> _TASK OBJECTIVE_:
Which lines of the entries contain the string "bool"? Copy each of them.

Dataset entries
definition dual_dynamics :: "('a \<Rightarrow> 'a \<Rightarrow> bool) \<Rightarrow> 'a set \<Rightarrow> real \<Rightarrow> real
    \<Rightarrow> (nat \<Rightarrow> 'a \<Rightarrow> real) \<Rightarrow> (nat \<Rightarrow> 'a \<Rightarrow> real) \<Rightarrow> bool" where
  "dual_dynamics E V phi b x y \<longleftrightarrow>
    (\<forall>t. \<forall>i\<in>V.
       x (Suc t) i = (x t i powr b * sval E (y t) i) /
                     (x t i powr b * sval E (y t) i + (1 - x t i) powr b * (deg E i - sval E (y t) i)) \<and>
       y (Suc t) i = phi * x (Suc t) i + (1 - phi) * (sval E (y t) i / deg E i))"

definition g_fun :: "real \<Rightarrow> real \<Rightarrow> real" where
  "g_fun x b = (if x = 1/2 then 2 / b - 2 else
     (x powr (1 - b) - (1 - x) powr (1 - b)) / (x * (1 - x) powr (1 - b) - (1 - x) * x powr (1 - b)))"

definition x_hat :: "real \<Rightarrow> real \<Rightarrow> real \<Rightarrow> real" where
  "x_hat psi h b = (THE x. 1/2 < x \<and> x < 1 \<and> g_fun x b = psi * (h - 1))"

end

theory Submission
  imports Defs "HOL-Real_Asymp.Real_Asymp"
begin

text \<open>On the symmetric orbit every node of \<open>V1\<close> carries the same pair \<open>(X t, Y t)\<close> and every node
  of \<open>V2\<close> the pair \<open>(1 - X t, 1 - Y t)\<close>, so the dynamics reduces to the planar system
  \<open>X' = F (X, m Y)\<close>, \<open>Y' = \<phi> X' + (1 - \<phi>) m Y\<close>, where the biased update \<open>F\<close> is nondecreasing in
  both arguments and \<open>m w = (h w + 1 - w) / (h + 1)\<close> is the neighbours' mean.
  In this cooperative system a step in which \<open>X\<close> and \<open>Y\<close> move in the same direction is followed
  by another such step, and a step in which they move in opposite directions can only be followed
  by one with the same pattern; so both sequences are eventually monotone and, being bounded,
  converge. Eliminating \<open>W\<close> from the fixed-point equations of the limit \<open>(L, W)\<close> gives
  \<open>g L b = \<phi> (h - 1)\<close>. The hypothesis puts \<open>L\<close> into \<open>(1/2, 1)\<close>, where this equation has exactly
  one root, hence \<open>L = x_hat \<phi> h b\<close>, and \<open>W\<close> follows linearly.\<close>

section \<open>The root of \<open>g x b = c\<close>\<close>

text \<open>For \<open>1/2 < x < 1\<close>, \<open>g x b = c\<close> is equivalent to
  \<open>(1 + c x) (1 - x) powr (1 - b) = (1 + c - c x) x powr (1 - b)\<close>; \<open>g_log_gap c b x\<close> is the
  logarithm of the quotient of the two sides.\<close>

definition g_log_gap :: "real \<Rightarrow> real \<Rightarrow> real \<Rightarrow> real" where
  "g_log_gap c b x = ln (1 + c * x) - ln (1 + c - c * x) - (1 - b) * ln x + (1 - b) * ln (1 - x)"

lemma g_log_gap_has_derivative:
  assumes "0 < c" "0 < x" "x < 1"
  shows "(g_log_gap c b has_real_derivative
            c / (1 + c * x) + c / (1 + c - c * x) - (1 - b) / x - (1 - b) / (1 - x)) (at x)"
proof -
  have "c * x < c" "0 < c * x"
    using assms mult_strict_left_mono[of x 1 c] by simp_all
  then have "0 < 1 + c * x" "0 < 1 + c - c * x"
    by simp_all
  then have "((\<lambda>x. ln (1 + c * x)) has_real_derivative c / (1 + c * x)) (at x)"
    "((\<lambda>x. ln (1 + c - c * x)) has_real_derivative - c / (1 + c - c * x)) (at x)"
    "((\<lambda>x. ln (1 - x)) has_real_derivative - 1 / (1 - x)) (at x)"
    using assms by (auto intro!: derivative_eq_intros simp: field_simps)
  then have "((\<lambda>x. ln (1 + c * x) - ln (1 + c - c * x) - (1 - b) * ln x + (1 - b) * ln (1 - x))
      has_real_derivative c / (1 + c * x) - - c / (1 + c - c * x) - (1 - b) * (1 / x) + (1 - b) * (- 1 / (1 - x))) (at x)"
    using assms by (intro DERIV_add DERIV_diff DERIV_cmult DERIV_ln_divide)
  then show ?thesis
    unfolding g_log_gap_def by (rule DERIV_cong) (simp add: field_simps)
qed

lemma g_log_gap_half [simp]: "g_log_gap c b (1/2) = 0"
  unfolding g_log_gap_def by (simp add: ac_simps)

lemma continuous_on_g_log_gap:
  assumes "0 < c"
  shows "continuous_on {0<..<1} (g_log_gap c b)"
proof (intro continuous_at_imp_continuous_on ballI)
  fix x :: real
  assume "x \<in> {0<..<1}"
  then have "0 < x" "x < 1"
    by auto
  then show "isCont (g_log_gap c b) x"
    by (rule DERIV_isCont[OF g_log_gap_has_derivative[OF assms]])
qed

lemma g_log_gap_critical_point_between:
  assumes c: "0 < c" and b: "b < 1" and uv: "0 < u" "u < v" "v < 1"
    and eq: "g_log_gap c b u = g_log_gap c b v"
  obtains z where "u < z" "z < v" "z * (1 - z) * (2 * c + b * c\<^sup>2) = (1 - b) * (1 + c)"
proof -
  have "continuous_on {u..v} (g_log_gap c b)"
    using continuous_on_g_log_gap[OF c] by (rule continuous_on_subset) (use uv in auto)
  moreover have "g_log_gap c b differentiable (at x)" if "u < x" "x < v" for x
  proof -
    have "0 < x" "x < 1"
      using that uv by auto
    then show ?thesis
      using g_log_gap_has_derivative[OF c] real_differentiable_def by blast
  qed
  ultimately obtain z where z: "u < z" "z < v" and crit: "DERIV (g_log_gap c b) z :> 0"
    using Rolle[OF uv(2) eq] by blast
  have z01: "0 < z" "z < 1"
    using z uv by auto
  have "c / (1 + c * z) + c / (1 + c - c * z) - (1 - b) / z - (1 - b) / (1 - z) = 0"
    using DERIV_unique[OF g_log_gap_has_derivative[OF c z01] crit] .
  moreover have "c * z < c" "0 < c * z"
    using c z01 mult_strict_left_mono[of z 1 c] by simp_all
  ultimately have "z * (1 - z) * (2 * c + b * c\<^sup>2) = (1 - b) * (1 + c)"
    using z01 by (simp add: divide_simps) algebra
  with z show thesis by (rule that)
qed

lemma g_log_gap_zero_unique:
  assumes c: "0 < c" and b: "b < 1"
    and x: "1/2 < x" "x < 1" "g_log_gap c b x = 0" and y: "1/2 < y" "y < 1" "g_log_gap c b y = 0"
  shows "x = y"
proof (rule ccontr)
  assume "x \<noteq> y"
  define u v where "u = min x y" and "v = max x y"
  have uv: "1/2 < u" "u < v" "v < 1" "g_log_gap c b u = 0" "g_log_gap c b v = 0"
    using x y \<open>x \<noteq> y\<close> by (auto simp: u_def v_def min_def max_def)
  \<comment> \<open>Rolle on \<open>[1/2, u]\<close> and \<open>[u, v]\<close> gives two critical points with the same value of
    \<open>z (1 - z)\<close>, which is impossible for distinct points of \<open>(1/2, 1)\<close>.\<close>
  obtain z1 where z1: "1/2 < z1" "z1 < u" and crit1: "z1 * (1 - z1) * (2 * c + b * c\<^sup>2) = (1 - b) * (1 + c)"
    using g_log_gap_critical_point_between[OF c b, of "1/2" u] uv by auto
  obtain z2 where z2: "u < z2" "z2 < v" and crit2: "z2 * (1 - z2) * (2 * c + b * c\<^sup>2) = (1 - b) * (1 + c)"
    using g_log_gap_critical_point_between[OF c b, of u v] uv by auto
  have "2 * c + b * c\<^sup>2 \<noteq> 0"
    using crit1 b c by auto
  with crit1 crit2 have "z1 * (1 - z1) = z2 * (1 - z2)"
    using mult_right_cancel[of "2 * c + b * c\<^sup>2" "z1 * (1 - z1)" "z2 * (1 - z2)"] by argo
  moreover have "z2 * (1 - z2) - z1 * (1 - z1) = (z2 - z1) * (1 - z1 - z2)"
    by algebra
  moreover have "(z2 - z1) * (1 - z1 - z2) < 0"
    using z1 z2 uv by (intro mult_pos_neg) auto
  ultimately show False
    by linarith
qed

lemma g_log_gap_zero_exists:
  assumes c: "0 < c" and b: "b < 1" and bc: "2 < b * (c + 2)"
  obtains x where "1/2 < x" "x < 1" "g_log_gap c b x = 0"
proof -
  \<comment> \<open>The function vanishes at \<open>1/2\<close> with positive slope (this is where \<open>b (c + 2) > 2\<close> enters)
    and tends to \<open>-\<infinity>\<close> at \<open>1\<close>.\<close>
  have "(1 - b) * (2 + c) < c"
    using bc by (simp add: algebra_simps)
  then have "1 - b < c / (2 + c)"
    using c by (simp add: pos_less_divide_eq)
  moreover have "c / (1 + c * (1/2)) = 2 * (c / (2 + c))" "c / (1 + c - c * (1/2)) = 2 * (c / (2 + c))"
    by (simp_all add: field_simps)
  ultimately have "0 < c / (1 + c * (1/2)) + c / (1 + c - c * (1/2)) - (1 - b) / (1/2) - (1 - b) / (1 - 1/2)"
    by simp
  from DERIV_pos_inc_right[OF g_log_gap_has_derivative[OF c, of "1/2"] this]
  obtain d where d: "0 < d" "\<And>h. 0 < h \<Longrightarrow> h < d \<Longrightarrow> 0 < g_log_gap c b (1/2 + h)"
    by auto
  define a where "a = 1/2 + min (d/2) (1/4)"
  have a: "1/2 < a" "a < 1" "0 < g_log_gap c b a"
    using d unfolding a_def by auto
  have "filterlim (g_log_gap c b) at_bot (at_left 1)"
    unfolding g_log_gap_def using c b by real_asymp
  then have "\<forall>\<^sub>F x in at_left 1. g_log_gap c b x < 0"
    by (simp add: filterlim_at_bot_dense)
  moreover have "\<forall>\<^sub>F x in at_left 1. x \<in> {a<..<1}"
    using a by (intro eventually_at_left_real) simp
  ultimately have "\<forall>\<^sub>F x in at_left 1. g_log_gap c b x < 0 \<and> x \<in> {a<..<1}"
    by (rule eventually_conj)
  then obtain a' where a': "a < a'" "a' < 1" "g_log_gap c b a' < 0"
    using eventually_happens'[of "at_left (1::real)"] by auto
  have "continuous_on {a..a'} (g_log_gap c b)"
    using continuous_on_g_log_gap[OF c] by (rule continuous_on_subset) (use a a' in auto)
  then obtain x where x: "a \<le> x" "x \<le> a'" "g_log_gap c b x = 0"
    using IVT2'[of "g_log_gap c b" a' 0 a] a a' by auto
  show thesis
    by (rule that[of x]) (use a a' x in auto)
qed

> _ANSWER TO THE PROBLEM_:
definition dual_dynamics :: "('a \<Rightarrow> 'a \<Rightarrow> bool) \<Rightarrow> 'a set \<Rightarrow> real \<Rightarrow> real
    \<Rightarrow> (nat \<Rightarrow> 'a \<Rightarrow> real) \<Rightarrow> (nat \<Rightarrow> 'a \<Rightarrow> real) \<Rightarrow> bool" where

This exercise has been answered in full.